Что с ним творится? Неужели он настолько перепугался, что первому попавшемуся бродяге готов открыть душу?

— Второй вопрос, — возвещает человек в ермолке, и взгляд его томит рабби Ури больше, чем боль и унижение. — Можешь ли ты пролить за свою веру чужую кровь?

Рабби Ури трет ушибленное плечо, вытирает испарину на лбу. Допрос пришельца все больше смущает его и волнует, и старик не находит в себе сил, чтобы оборвать его.

— Нет на земле такой веры, ради которой можно пролить хоть каплю чужой крови, — говорит он как будто самому себе. — Вера в крови хуже безверия.

— А как же тогда защитить ее?

— Это третий вопрос?

— Нет. Это только ступеньки к нему.

— Веру не могут защитить ни топор, ни плаха. Потому-то все на свете имеет плоть, кроме нее.

Слова завораживают рабби Ури, и он на мгновение забывает про канаву, про свою боль и пришельца. В конце концов разве нельзя из сточной канавы говорить с господом? Говорил же с ним Иов на гноище…

— Ты уже поднялся по ступенькам? — спрашивает он человека в ермолке.



— Да. Последний вопрос. Рабби Ури, что лучше: рабство или безумие?

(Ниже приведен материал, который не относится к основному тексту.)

lemma CHAR_eq_prime_if_CARD_eq_power:
  assumes "prime p" "CARD('a::{finite,field}) = p ^ e"
  shows "CHAR('a) = p"
proof -
  have "of_nat (p ^ e) = (0::'a)" using of_nat_CARD_eq_0[where 'a='a] assms(2) by simp
  then have "CHAR('a) dvd p ^ e" by (simp only: of_nat_eq_0_iff_char_dvd)
  then have "CHAR('a) dvd p" using prime_CHAR_finite_field[where 'a='a] prime_dvd_power by blast
  then show ?thesis using prime_CHAR_finite_field[where 'a='a] assms(1) primes_dvd_imp_eq by blast
qed

lemma power_CARD_minus_1_eq_1:
  assumes "(x::'a::{finite,field}) \<noteq> 0"
  shows "x ^ (CARD('a) - 1) = 1"
proof -
  have "(\<Prod>y\<in>UNIV-{0}. x * y) = (\<Prod>y\<in>UNIV-{0::'a}. y)"
    by (rule prod.reindex_bij_witness[of _ "\<lambda>y. y / x" "\<lambda>y. x * y"]) (use assms in auto)
  moreover have "(\<Prod>y\<in>UNIV-{0}. x * y) = x ^ (CARD('a) - 1) * (\<Prod>y\<in>UNIV-{0::'a}. y)"
    by (simp add: prod.distrib card_Diff_singleton)
  moreover have "(\<Prod>y\<in>UNIV-{0::'a}. y) \<noteq> 0" by simp
  ultimately show ?thesis by simp
qed

lemma power_CARD_eq_self: "(x::'a::{finite,field}) ^ CARD('a) = x"
proof (cases "x = 0")
  case False
  have "x ^ CARD('a) = x * x ^ (CARD('a) - 1)"
    using CARD_field_ge_2[where 'a='a] by (simp flip: power_Suc)
  then show ?thesis using power_CARD_minus_1_eq_1[OF False] by simp
qed simp

lemma sum_UNIV_power_eq_0:
  assumes "i < CARD('a::{finite,field}) - 1"
  shows "(\<Sum>x\<in>(UNIV::'a set). x ^ i) = 0"
proof (cases "i = 0")
  case True
  then show ?thesis using of_nat_CARD_eq_0[where 'a='a] by simp
next
  case False
  let ?P = "monom (1::'a) i - 1"
  have "coeff ?P i = 1" using False by (simp add: coeff_monom)
  then have "?P \<noteq> 0" by (metis coeff_0 zero_neq_one)
  have "degree ?P \<le> i" by (intro degree_diff_le) (auto simp: degree_monom_le)
  have "\<exists>g::'a. g \<noteq> 0 \<and> g ^ i \<noteq> 1"
  proof (rule ccontr)
    assume "\<not> ?thesis"
    then have "UNIV - {0} \<subseteq> {x. poly ?P x = 0}" by (auto simp: poly_monom)
    then have "card (UNIV - {0::'a}) \<le> card {x. poly ?P x = 0}"
      by (intro card_mono poly_roots_finite \<open>?P \<noteq> 0\<close>)
    also have "\<dots> \<le> i"
      using card_poly_roots_bound[OF \<open>?P \<noteq> 0\<close>] \<open>degree ?P \<le> i\<close> by linarith
    finally show False using assms by (simp add: card_Diff_singleton)
  qed
  then obtain g :: 'a where g: "g \<noteq> 0" "g ^ i \<noteq> 1" by blast
  have "(\<Sum>x\<in>UNIV. x ^ i) = (\<Sum>x\<in>UNIV. (g * x) ^ i)"
    by (rule sum.reindex_bij_witness[of _ "\<lambda>y. g * y" "\<lambda>y. y / g"]) (use g in auto)
  also have "\<dots> = g ^ i * (\<Sum>x\<in>(UNIV::'a set). x ^ i)"
    by (simp add: power_mult_distrib sum_distrib_left)
  finally show ?thesis using g by (simp add: algebra_simps)
qed

lemma sum_UNIV_poly_eq_0:
  assumes "degree h < CARD('a::{finite,field}) - 1"
  shows "(\<Sum>x\<in>(UNIV::'a set). poly h x) = 0"
proof -
  have "(\<Sum>x\<in>(UNIV::'a set). poly h x)
        = (\<Sum>i\<le>degree h. coeff h i * (\<Sum>x\<in>UNIV. x ^ i))"
    unfolding poly_altdef sum_distrib_left by (subst sum.swap) (simp add: mult.assoc)
  also have "\<dots> = 0" using assms by (intro sum.neutral) (simp add: sum_UNIV_power_eq_0)
  finally show ?thesis .
qed

lemma power_CHAR_power_add:
  "q = CHAR('a::{finite,field}) ^ m \<Longrightarrow> (x + y :: 'a) ^ q = x ^ q + y ^ q"
  by (rule freshmans_dream'[OF prime_CHAR_finite_field])

lemma power_CHAR_power_diff:
  assumes "q = CHAR('a::{finite,field}) ^ m"
  shows "(x - y :: 'a) ^ q = x ^ q - y ^ q"
  using power_CHAR_power_add[OF assms, of "x - y" y] by (simp add: algebra_simps)

lemma power_CHAR_power_sum:
  "q = CHAR('a::{finite,field}) ^ m \<Longrightarrow> (sum f A :: 'a) ^ q = (\<Sum>a\<in>A. f a ^ q)"
  by (rule freshmans_dream_sum'[OF prime_CHAR_finite_field])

— Конечно, безумие, — бормочет рабби Ури. — Безумие — это свобода.

— Почему же ты тогда выбрал рабство?

— Это, кажется, уже пятый вопрос, но я тебе отвечу. Есть две вещи, которые человеку не дано выбирать: время, в котором он живет, и безумие, в которое его господь погружает.

— Ты ответил на все вопросы, — странно ликуя, говорит человек в ермолке. — Теперь я могу протянуть тебе руку. Твое место не в грязной канаве, а на небесах.

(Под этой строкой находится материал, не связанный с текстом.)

section \<open>Minimising the reduced risk\<close>

lemma strict_global_min_at_critical_point:
  fixes f f' :: "real \<Rightarrow> real"
  assumes cont: "continuous_on {a..b} f"
    and deriv: "\<And>x. a < x \<Longrightarrow> x < b \<Longrightarrow> (f has_real_derivative f' x) (at x)"
    and mono: "strict_mono_on {a<..<b} f'"
    and s: "a < s" "s < b" "f' s = 0"
    and x: "a \<le> x" "x \<le> b" "x \<noteq> s"
  shows "f s < f x"
proof (cases "x < s")
  case True
  show ?thesis
  proof (rule DERIV_neg_imp_decreasing_open[OF True])
    fix y assume "x < y" "y < s"
    then have "f' y < f' s"
      using s x by (intro strict_mono_onD[OF mono]) auto
    then show "\<exists>D. (f has_real_derivative D) (at y) \<and> D < 0"
      using deriv[of y] \<open>x < y\<close> \<open>y < s\<close> s x by (intro exI[of _ "f' y"]) auto
  qed (use cont x s in \<open>auto intro: continuous_on_subset\<close>)
next
  case False
  then have "s < x"
    using x by simp
  show ?thesis
  proof (rule DERIV_pos_imp_increasing_open[OF \<open>s < x\<close>])
    fix y assume "s < y" "y < x"
    then have "f' s < f' y"
      using s x by (intro strict_mono_onD[OF mono]) auto
    then show "\<exists>D. (f has_real_derivative D) (at y) \<and> 0 < D"
      using deriv[of y] \<open>s < y\<close> \<open>y < x\<close> s x by (intro exI[of _ "f' y"]) auto
  qed (use cont x s in \<open>auto intro: continuous_on_subset\<close>)
qed

definition risk_slope :: "real \<Rightarrow> real \<Rightarrow> real \<Rightarrow> real" where
  "risk_slope r c L = 2 * r * L + 2 * c * (L * Q0 L - Q1 L)"

lemma risk_profile_nonneg_eq:
  "0 \<le> L \<Longrightarrow> risk_profile r c L = r * L\<^sup>2 + c * (Q2 L - 2 * L * Q1 L + L\<^sup>2 * Q0 L)"
  by (simp add: risk_profile_def)

lemma risk_profile_has_derivative:
  assumes "0 < L" "L < 2"
  shows "(risk_profile r c has_real_derivative risk_slope r c L) (at L)"
proof (rule has_field_derivative_transform_within_open[where S = "{0<..}"])
  show "((\<lambda>L. r * L\<^sup>2 + c * (Q2 L - 2 * L * Q1 L + L\<^sup>2 * Q0 L)) has_real_derivative risk_slope r c L) (at L)"
    unfolding Q_eq_quarter_circle_moment risk_slope_def
    by (rule derivative_eq_intros quarter_circle_moment_has_derivative[OF \<open>L < 2\<close>] refl)+
      (simp add: algebra_simps power2_eq_square)
qed (use assms in \<open>auto simp: risk_profile_nonneg_eq\<close>)

lemma risk_slope_has_derivative:
  assumes "L < 2"
  shows "(risk_slope r c has_real_derivative 2 * r + 2 * c * Q0 L) (at L)"
  unfolding Q_eq_quarter_circle_moment risk_slope_def[abs_def]
  by (rule derivative_eq_intros quarter_circle_moment_has_derivative[OF assms] refl)+
    (simp add: algebra_simps)

lemma continuous_on_risk_profile: "continuous_on {0..2} (risk_profile r c)"
proof (rule continuous_on_eq)
  show "continuous_on {0..2} (\<lambda>L. r * L\<^sup>2 + c * (Q2 L - 2 * L * Q1 L + L\<^sup>2 * Q0 L))"
    unfolding Q_eq_quarter_circle_moment
    by (intro continuous_intros continuous_on_quarter_circle_moment)
qed (simp add: risk_profile_nonneg_eq)

lemma strict_mono_on_risk_slope:
  assumes "0 < r" "0 \<le> c"
  shows "strict_mono_on {0<..<2} (risk_slope r c)"
proof (rule strict_mono_onI)
  fix u v :: real assume "u \<in> {0<..<2}" "v \<in> {0<..<2}" "u < v"
  show "risk_slope r c u < risk_slope r c v"
  proof (rule DERIV_pos_imp_increasing_open[OF \<open>u < v\<close>])
    fix x assume "u < x" "x < v"
    then have "0 < 2 * r + 2 * c * Q0 x"
      using assms \<open>u \<in> _\<close> Q0_nonneg[of x] by (simp add: add_pos_nonneg)
    then show "\<exists>D. (risk_slope r c has_real_derivative D) (at x) \<and> 0 < D"
      using risk_slope_has_derivative[of x r c] \<open>x < v\<close> \<open>v \<in> _\<close>
      by (intro exI[of _ "2 * r + 2 * c * Q0 x"]) auto
  next
    show "continuous_on {u..v} (risk_slope r c)"
      using \<open>v \<in> _\<close>
      by (intro continuous_at_imp_continuous_on ballI DERIV_isCont[OF risk_slope_has_derivative]) auto
  qed
qed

Пришелец спускается по склону, хлюпает башмаками по ржавой воде, помогает рабби выбраться из каталки, хватает его под руки и легкого, почти бесплотного, выносит из канавы.

— В годовщину смерти моей матери я всегда отправляюсь на кладбище, чтобы постоять у ее могилы.

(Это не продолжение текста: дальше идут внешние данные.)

(* tr : A -> A/span{ab-ba}; the class of p *)
definition tr :: "ncpoly \<Rightarrow> ncpoly set" where
  "tr p = {q. finpoly q \<and> p - q \<in> comspan}"

(* F(L), regarded inside A/span{ab-ba} via a \<otimes> b \<mapsto> tr(ab) *)
definition FL :: "ncpoly set set" where
  "FL = {tr (\<Sum>k<n. ncmul (a k) (b k)) | (n::nat) (a::nat \<Rightarrow> ncpoly) (b::nat \<Rightarrow> ncpoly). \<forall>k<n. a k \<in> lie \<and> b k \<in> lie}"

definition homog :: "ncpoly \<Rightarrow> nat \<Rightarrow> nat \<Rightarrow> bool" where
  "homog p i j \<longleftrightarrow> (\<forall>w. p w \<noteq> 0 \<longrightarrow> count_list w X = i \<and> count_list w Y = j)"

(* cyclic derivative on a cyclic word tr(a_1...a_n) given by the word v = a_1...a_n:
   sum over i with a_i = x0 of a_{i+1}...a_n a_1...a_{i-1} *)
definition cycdw :: "letter \<Rightarrow> letter list \<Rightarrow> ncpoly" where
  "cycdw c v = (\<Sum>i<length v. if v ! i = c then mono (drop (Suc i) v @ take i v) else 0)"

(* extended linearly; applied to a representative g of Gamma = tr g *)
definition cycd :: "letter \<Rightarrow> ncpoly \<Rightarrow> ncpoly" where
  "cycd c g = (\<Sum>v\<in>supp g. scl (g v) (cycdw c v))"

— Но на нашем кладбище твоей матери нет. Я знаю в округе всех живых и мертвых.

— Есть, — тихо говорит человек в ермолке.

— Матери обычно лежат там, где их хоронят.

— Все — кроме моей, — объясняет пришелец. — Моя мать покоится там, где есть хоть одна свежая могила.

— Самая свежая могила на нашем кладбище жены корчмаря Манделя. Хавы… Красивая была в девушках.

— Значит, на мою мать похожа. Она была красавица. Парни из-за нее в молодости до крови дрались.

— Если хочешь, я отслужу по твоей матери заупокойный молебен-кадиш.

— Хорошо, — говорит пришелец.

Он плетется за каталкой, как за колесницей пророка Ильи, молчит, и рабби Ури молчит и думает о странной встрече, и чем больше он о ней думает, тем острей чувствует ее предопределенность.

— Послушай, — говорит он вдруг, и волнение стесняет его дыхание. — Где-то я уже видел твое лицо. Правда, сорок лет назад. Ты тогда был младенцем, качался в люльке, над тобой стояли две женщины — одна осунувшаяся, другая — дебелая, с полными великодушными грудями, и мужчина.

— Я никогда не качался в люльке.

— Ты просто этого не помнишь.

— Я помню все, — говорит человек в ермолке. — Все. Меня клали рядом с братом на топчан, и когда я заливался криком, он затыкал мне жеваной обмусоленной коркой рот. С тех пор, наверно, я возненавидел хлеб.

— Как же без хлеба?

— Что за прок в хлебе, если ты платишь за него дыханьем?

Каталка, скрипя рессорами, въезжает на пустое кладбище, сворачивает направо, к свежей могиле корчмарки Хавы.

Человек в ермолке наклоняется, зачерпывает горсть желтой сбившейся глины, просеивает между пальцев и что-то шепчет.

Рабби Ури сидит в каталке и, сидя, говорит кадиш.

С сосны на могилу осыпается хвоя, и каждая хвоинка, как упавший волосок с головы еврейской матери: Хавы и Рахели, и той, из-за которой парни в молодости дрались до крови.

XI

До того как Ицик Магид, любимый ученик рабби Ури, бросил свои занятия торой и стал лесорубом, он вроде бы ничем от других одногодков не отличался. Господь бог, правда, к семнадцати годам наградил его недюжинной силой, вызывавшей у каждого чахлого еврея в местечке зависть и восхищение. Ицик был широк в плечах, не по-еврейски высок ростом, рыжеволос и голубоглаз, как истый христианин, мог, скажем, запросто взвалить на спину годовалого теленка, схватив его за передние ноги, и десять раз на рыночной площади, при всем честном народе, крутануться вокруг своей оси, не выходя из очерченного круга, или заключить с кем-нибудь из местечковых парней странное, приковывавшее всеобщее внимание пари.

— Я взвалю на спину шесть пудов картошки, а ты три, — сказал он однажды Мейше-Беру Хасману, сыну мельника, и тот, увалень и завистник, вытаращил на него глаза.